Кажется, я добился своего. Вдовин отшатывается, и я вижу его побуревшее разъяренное лицо.

– Чего ты от меня хочешь? – рычит он. – Чтоб я перед тобой на колени стал? А кто ты такой, чтоб меня судить? Я довел до инфаркта! Шла борьба! Можно спорить, прав я был или нет, но нельзя требовать, чтоб я наперед брал справку в поликлинике, как у нее там с сердечной мышцей... Да, я топтал Илюшку, а ты? Ты его защищал, и все ученые дамы ахали: какой он смелый, какой принципиальный. Ну и что? Помогла Илье твоя защита? Да ты не его защищал, а себя. Свою репутацию. Защищал в разумном соответствии со своими возможностями, за тобой стоял Успенский, и ты знал: поворчит, но в обиду не даст. А потом? Ты, хороший, много Илье помогал? А я, плохой, дал ему кусок хлеба и теперь в лепешку разобьюсь, чтоб вытащить его отсюда... Думаешь, я забыл, как ты честил меня на том собрании, после пленума? Я даже не влился на тебя, а только думал: почему же ты, хороший, на сессии так не разговаривал? Потому что теперь можно, а тогда нельзя было? А потом – я нигде этого не говорил, а тебе с глазу на глаз скажу: кто команду к наступлению дал, я или Паша? Ты на Пашу надулся, но, между прочим, не отказался скатать с ним вместе в Париж, а мне на похоронах руку подал как великое одолжение... Эх, да что там...
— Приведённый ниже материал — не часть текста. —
lemma greatest_nth_less:
  fixes x :: "real list"
  assumes "r \<notin> set x" "x ! 0 < r" "r < x ! (length x - 1)"
  defines "i \<equiv> GREATEST j. j < length x \<and> x ! j < r"
  shows "Suc i < length x" "x ! i < r" "r < x ! Suc i"
proof -
  have "x \<noteq> []" using assms(2,3) by auto
  have i: "i < length x \<and> x ! i < r"
    unfolding i_def by (rule GreatestI_nat[of _ 0 "length x"]) (use assms \<open>x \<noteq> []\<close> in auto)
  show "Suc i < length x"
  proof (rule ccontr)
    assume "\<not> Suc i < length x"
    with i have "i = length x - 1" by arith
    with i assms(3) show False by simp
  qed
  moreover have "\<not> x ! Suc i < r"
    using Greatest_le_nat[of "\<lambda>j. j < length x \<and> x ! j < r" "Suc i" "length x"] calculation
    by (auto simp flip: i_def)
  ultimately show "x ! i < r" "r < x ! Suc i"
    using i assms(1) nth_mem[of "Suc i" x] by (auto simp: not_less order.order_iff_strict)
qed
text \<open>By the product-to-sum formula for \<open>cos (a x) cos (t x)\<close>, the integrand is a
  combination of four Fejer kernels, whose integrals \<open>pi \<bar>b\<bar>\<close> add up to \<open>2 pi s\<close> when
  \<open>\<bar>t\<bar> \<le> s\<close>.\<close>

lemma integral_vallee_poussin_kernel_cos:
  assumes "0 < s" "\<bar>t\<bar> \<le> s"
  shows "(LINT x|lborel. vallee_poussin_kernel s x * cos (t * x)) = 1"
proof -
  let ?F = "\<lambda>x. (fejer_kernel (2 * s + t) x + fejer_kernel (2 * s - t) x
    - fejer_kernel (s + t) x - fejer_kernel (s - t) x) / (2 * pi * s)"
  have "AE x in lborel. vallee_poussin_kernel s x * cos (t * x) = ?F x"
    using AE_lborel_singleton[of 0]
  proof eventually_elim
    case (elim x)
    have prod_to_sum: "cos ((a + t) * x) + cos ((a - t) * x) = 2 * cos (a * x) * cos (t * x)" for a
      by (simp add: distrib_right left_diff_distrib cos_add cos_diff)
    have numerators: "(1 - cos ((2 * s + t) * x)) + (1 - cos ((2 * s - t) * x))
        - (1 - cos ((s + t) * x)) - (1 - cos ((s - t) * x))
        = 2 * cos (s * x) * cos (t * x) - 2 * cos (2 * s * x) * cos (t * x)"
      using prod_to_sum[of s] prod_to_sum[of "2 * s"] by linarith
    have "?F x = (2 * cos (s * x) * cos (t * x) - 2 * cos (2 * s * x) * cos (t * x))
        / x\<^sup>2 / (2 * pi * s)"
      by (simp only: fejer_kernel_eq[OF elim] add_divide_distrib[symmetric]
          diff_divide_distrib[symmetric] numerators)
    also have "\<dots> = vallee_poussin_kernel s x * cos (t * x)"
      using elim assms by (simp add: vallee_poussin_kernel_def fejer_kernel_eq field_simps)
    finally show ?case ..
  qed
  then have "(LINT x|lborel. vallee_poussin_kernel s x * cos (t * x)) = (LINT x|lborel. ?F x)"
    by (rule integral_cong_AE[rotated 2]) auto
  also have "\<dots> = (pi * \<bar>2 * s + t\<bar> + pi * \<bar>2 * s - t\<bar> - pi * \<bar>s + t\<bar> - pi * \<bar>s - t\<bar>) / (2 * pi * s)"
    using has_bochner_integral_fejer_kernel
    by (simp add: has_bochner_integral_iff integral_diff integral_add)
  also have "\<dots> = 1"
    using assms by (simp add: abs_if field_simps split: if_splits)
  finally show ?thesis .
qed

lemma fourier_transform_vallee_poussin_kernel:
  assumes "0 < s" "\<bar>t\<bar> \<le> s"
  shows "fourier_transform (\<lambda>x. complex_of_real (vallee_poussin_kernel s x)) t = 1"
  by (simp add: fourier_transform_of_real_even integrable_vallee_poussin_kernel
      integral_vallee_poussin_kernel_cos[OF assms])

section \<open>Convolution\<close>

definition conv :: "(real \<Rightarrow> complex) \<Rightarrow> (real \<Rightarrow> complex) \<Rightarrow> real \<Rightarrow> complex" where
  "conv f k x = (LINT y|lborel. f y * k (x - y))"

lemma nn_integral_lborel_shift:
  fixes f :: "real \<Rightarrow> ennreal"
  assumes "f \<in> borel_measurable borel"
  shows "(\<integral>\<^sup>+x. f (x - y) \<partial>lborel) = (\<integral>\<^sup>+x. f x \<partial>lborel)"
  using nn_integral_real_affine[OF assms, of 1 "- y"] by simp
Он машет рукой и отворачивается. В этот момент он несомненно искренен, а искренность иногда впечатляет больше, чем правота. Я не чувствую себя сломленным, но я в нокдауне. Ближе он мне не стал, но, как добросовестный противник, я должен признать, что получил несколько чувствительных ударов.

– Подумай еще, Олег, – говорит Вдовин, и по голосу я понимаю: он так же устал от нашего разговора, как и я. Разговор не исчерпан, он задохся. Это понимаем мы оба и не сговариваясь начинаем собираться.

Через пять минут мы уже съезжаем с гладкой, усыпанной шуршащим гравием аллейки на ухабистую лесную дорогу.

XXIII. Presto

А затем события, развивавшиеся до сих пор с провинциальной неторопливостью, обрели темп, обозначаемый в музыке "presto". Presto значит, быстро, на пределе физических возможностей исполнителя. Вряд ли композиторы избирают этот темп только для того, чтоб исполнитель мог продемонстрировать беглость пальцев. Виртуозность всегда увлекательна, и бесспорно в удовольствии, которое мы получаем от скрипичного, фортепианного или оркестрового presto, есть что-то родственное наслаждению от быстрой езды и воздушных полетов. Но главное, как мне кажется, не в этом, а в том, что presto уплотняет наши мысли и эмоции, заставляет нас прожить за единицу времени вдвое большую жизнь. Не потому ли захватывает дух от финального presto в Четвертой сонате Скрябина?

Все эти дилетантские рассуждения суть слабая попытка объяснить самому себе состояние, в котором я пребывал весь оставшийся день после того, как ведомый Вдовиным вездеход остановился на вытоптанной площадке перед столбом с выцветшей молнией и надписью "Не влезай, убьет!".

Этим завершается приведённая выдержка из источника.